Mixtures do well in extended grazing and four cut system
Ifan Griffith reseeds 10 to 15% of his two New-Zealand-style dairy farms on the Lleyn Peninsula every year, making sure fields are never out of grazing action for too long.
With 560 spring-calving cows in total – 360 kiwi-cross cows at the all-grass home farm produce 6,050 litres of milk at 4.92% butterfat and 3.83% protein, off 870kg of concentrates. The cows spend as little as ten weeks indoors.
Ifan Griffith and his cows at Plas Newydd
The 156ha grazing platform is set up into paddocks with tracks. Soil type differs markedly from peaty dark soils to light, dry sand. Grass growth is measured weekly in the season with yields averaging 13t Dry Matter (DM)/ha on the home farm.
“We can’t plough the fields because they are too stony,” Mr. Griffiths explains. “We usually spray with glyphosate, go over it with a power harrow two or three times and then broadcast the seed with a Vicon spreader fitted with a foam blobber, so I know where the seed has been sown. The field is then usually rolled for good soil to seed contact.
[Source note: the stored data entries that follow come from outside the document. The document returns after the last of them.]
lemma
  assumes "1 \<le> i"
  shows X_Xi: "X i * Xi i = 1" and Xi_X: "Xi i * X i = 1"
    and X_e_self: "X i * e i = sc lam * e i" and e_X_self: "e i * X i = sc lam * e i"
    and e_e_self: "e i * e i = sc x * e i"
    and X_X_self: "X i * X i = 1 + \<delta> * X i - sc (delta q qi * lam) * e i"
  using assms relations by - (elim conjE; blast)+

lemma far_commute:
  assumes "1 \<le> i" "1 \<le> j" "i + 1 < j \<or> j + 1 < i"
  shows "X i * X j = X j * X i" and "X i * e j = e j * X i" and "e i * e j = e j * e i"
  using assms relations by - (elim conjE; blast)+

lemma
  assumes "adjacent i j"
  shows X_braid: "X i * X j * X i = X j * X i * X j"
    and e_X_e: "e i * X j * e i = sc lami * e i"
    and e_e_e: "e i * e j * e i = e i"
    and e_X_X_shift: "e i * X j * X i = X j * X i * e j"
    and X_e_e: "X i * e j * e i = Xi j * e i"
    and Xi_e_e: "Xi i * e j * e i = X j * e i"
    and e_e_X: "e i * e j * X i = e i * Xi j"
    and e_e_Xi: "e i * e j * Xi i = e i * X j"
    and e_X_X: "e i * X j * X i = e i * e j"
    and X_X_e: "X i * X j * e i = e j * e i"
    and X_e_Xi: "X i * e j * Xi i = Xi j * e i * X j"
    and X_e_X: "X i * e j * X i = Xi j * e i * Xi j"
  using assms relations unfolding adjacent_def by - (elim conjE; blast)+
lemma trace_inverse_shifted:
  fixes L C :: "real mat"
  assumes L: "L \<in> carrier_mat n n" and cp: "char_poly L = (\<Prod>i<n. [:- mu i, 1:])"
    and C: "C \<in> carrier_mat n n" and LC: "(L + t \<cdot>\<^sub>m 1\<^sub>m n) * C = 1\<^sub>m n"
  shows "(\<forall>i<n. mu i + t \<noteq> 0) \<and> mat_trace C = (\<Sum>i<n. 1 / (mu i + t))"
proof -
  obtain B P Q where B: "B \<in> carrier_mat n n" and P: "P \<in> carrier_mat n n"
    and Q: "Q \<in> carrier_mat n n" and PQ: "P * Q = 1\<^sub>m n" and QP: "Q * P = 1\<^sub>m n"
    and LB: "L = P * B * Q" and ut: "upper_triangular B" and diag: "\<And>i. i < n \<Longrightarrow> B $$ (i, i) = mu i"
    using similar_upper_triangular_by_roots[OF L cp] by blast
  have QCP: "Q * C * P \<in> carrier_mat n n" using Q C P by simp
  have "upper_triangular (B + t \<cdot>\<^sub>m 1\<^sub>m n)" using ut B by (auto simp: upper_triangular_def)
  with similar_shifted_right_inverse[OF B C P Q PQ QP] LC LB B QCP
  have inv: "(mu i + t) * (Q * C * P) $$ (i, i) = 1" if "i < n" for i
    using upper_triangular_right_inverse_diag[of "B + t \<cdot>\<^sub>m 1\<^sub>m n" n "Q * C * P" i] that diag
    by simp
  have "mat_trace C = mat_trace (Q * C * P)"
    using mat_trace_mult_comm[of "Q * C" n n P] Q C P PQ
    by (simp add: assoc_mult_mat[of P n n Q n C n, symmetric])
  also have "\<dots> = (\<Sum>i<n. (Q * C * P) $$ (i, i))" using Q by (simp add: mat_trace_def)
  also have "\<dots> = (\<Sum>i<n. 1 / (mu i + t))"
    using inv by (intro sum.cong refl) (metis lessThan_iff nonzero_eq_divide_eq mult.commute
        mult_zero_left zero_neq_one)
  finally show ?thesis using inv by (metis mult_zero_left zero_neq_one)
qed

section \<open>The Green function of the shifted Laplacian\<close>

lemma laplacian_mat_mult_entry:
  assumes fin: "finite V" and f: "bij_betw f {..<n} V" and i: "i < n" and j: "j < m"
  shows "(laplacian_mat V E f n * mat n m (\<lambda>(k, l). X (f k) l)) $$ (i, j)
    = laplacian V E (\<lambda>w. X w j) (f i)"
proof -
  have fi: "f i \<in> V" using f i by (auto dest: bij_betwE)
  have "(laplacian_mat V E f n * mat n m (\<lambda>(k, l). X (f k) l)) $$ (i, j)
      = (\<Sum>k<n. laplacian_coeff V E (f i) (f k) * X (f k) j)"
    using i j f
    by (simp add: laplacian_mat_def laplacian_coeff_def scalar_prod_def atLeast0LessThan)
      (intro sum.cong refl; auto simp: bij_betw_def inj_on_def)
  also have "\<dots> = (\<Sum>b\<in>V. laplacian_coeff V E (f i) b * X b j)"
    by (rule sum.reindex_bij_betw[OF f])
  finally show ?thesis using laplacian_eq_sum_coeff[OF fin fi] by simp
qed

lemma green_mat_right_inverse:
  assumes fin: "finite V" and f: "bij_betw f {..<n} V"
    and K: "\<And>v a. v \<in> V \<Longrightarrow> a \<in> V \<Longrightarrow> 2 * K a v + laplacian V E (\<lambda>w. K w v) a = (if a = v then 1 else 0)"
  shows "(laplacian_mat V E f n + 2 \<cdot>\<^sub>m 1\<^sub>m n) * mat n n (\<lambda>(i, j). K (f i) (f j)) = 1\<^sub>m n"
proof -
  define Lm where "Lm = laplacian_mat V E f n"
  define Km where "Km = mat n n (\<lambda>(i, j). K (f i) (f j))"
  have Lm: "Lm \<in> carrier_mat n n" and Km: "Km \<in> carrier_mat n n"
    by (simp_all add: Lm_def laplacian_mat_def Km_def)
  have fV: "f i \<in> V" if "i < n" for i using f that by (auto dest: bij_betwE)
  have finj: "f i = f j \<longleftrightarrow> i = j" if "i < n" "j < n" for i j
    using f that by (auto simp: bij_betw_def inj_on_def)
  have "(Lm + 2 \<cdot>\<^sub>m 1\<^sub>m n) * Km = Lm * Km + 2 \<cdot>\<^sub>m Km"
    using Lm Km mult_smult_assoc_mat[OF one_carrier_mat Km, of 2]
    by (simp add: add_mult_distrib_mat[of _ n n])
  also have "\<dots> = 1\<^sub>m n"
  proof (rule eq_matI)
    fix i j
    assume "i < dim_row (1\<^sub>m n)" "j < dim_col (1\<^sub>m n)"
    then have i: "i < n" and j: "j < n" by simp_all
    have "(Lm * Km) $$ (i, j) = laplacian V E (\<lambda>w. K w (f j)) (f i)"
      using laplacian_mat_mult_entry[OF fin f i j, of E "\<lambda>w l. K w (f l)"]
      by (simp add: Lm_def Km_def)
    then show "(Lm * Km + 2 \<cdot>\<^sub>m Km) $$ (i, j) = 1\<^sub>m n $$ (i, j)"
      using K[OF fV[OF j] fV[OF i]] Lm Km i j finj[OF i j] by (simp add: Km_def algebra_simps)
  qed (use Lm Km in simp_all)
  finally show ?thesis by (simp add: Lm_def Km_def)
qed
“In the dry autumn of 2018, we didn’t spray the grass but grazed it very hard with the cows and scratched it with a tine harrow before broadcasting. Sheep came in for ten days to tread the seed in, and the cows were back grazing in a month.”
The grazing mixture used on the medium to heavy paddocks is Oliver Seeds Fortress, containing a range of intermediate and late heading perennial ryegrasses, Fojtan festulolium and timothy. It combines a yield of up to 17.6t DM/ha with hardiness and a dense sward.
Claymore silage being cut at the start of May
Silage is taken from a 50ha cutting ground two miles away, which is seeded down to Claymore – a six year ley which has varieties selected for top conservation yield. Some of the older leys are overseeded in September with Typhoon – a specialist mixture of mainly tetraploid ryegrass varieties chosen for rapid establishment and accelerated growth. The fourth cut aftermath is scratched with tine harrows before seed is broadcast, followed by sheep grazing for ten days, which prevents the heavier soils from capping, which can prevent grass germination.
“It is relatively easy to grow grass here – which is just as well with so many cows to feed,” says Mr. Griffith. “We have worked with Osian Rhys-Jones from Oliver Seeds for many years and their mixtures stand up well to our extended grazing period and four silage cuts, in varying weather patterns.”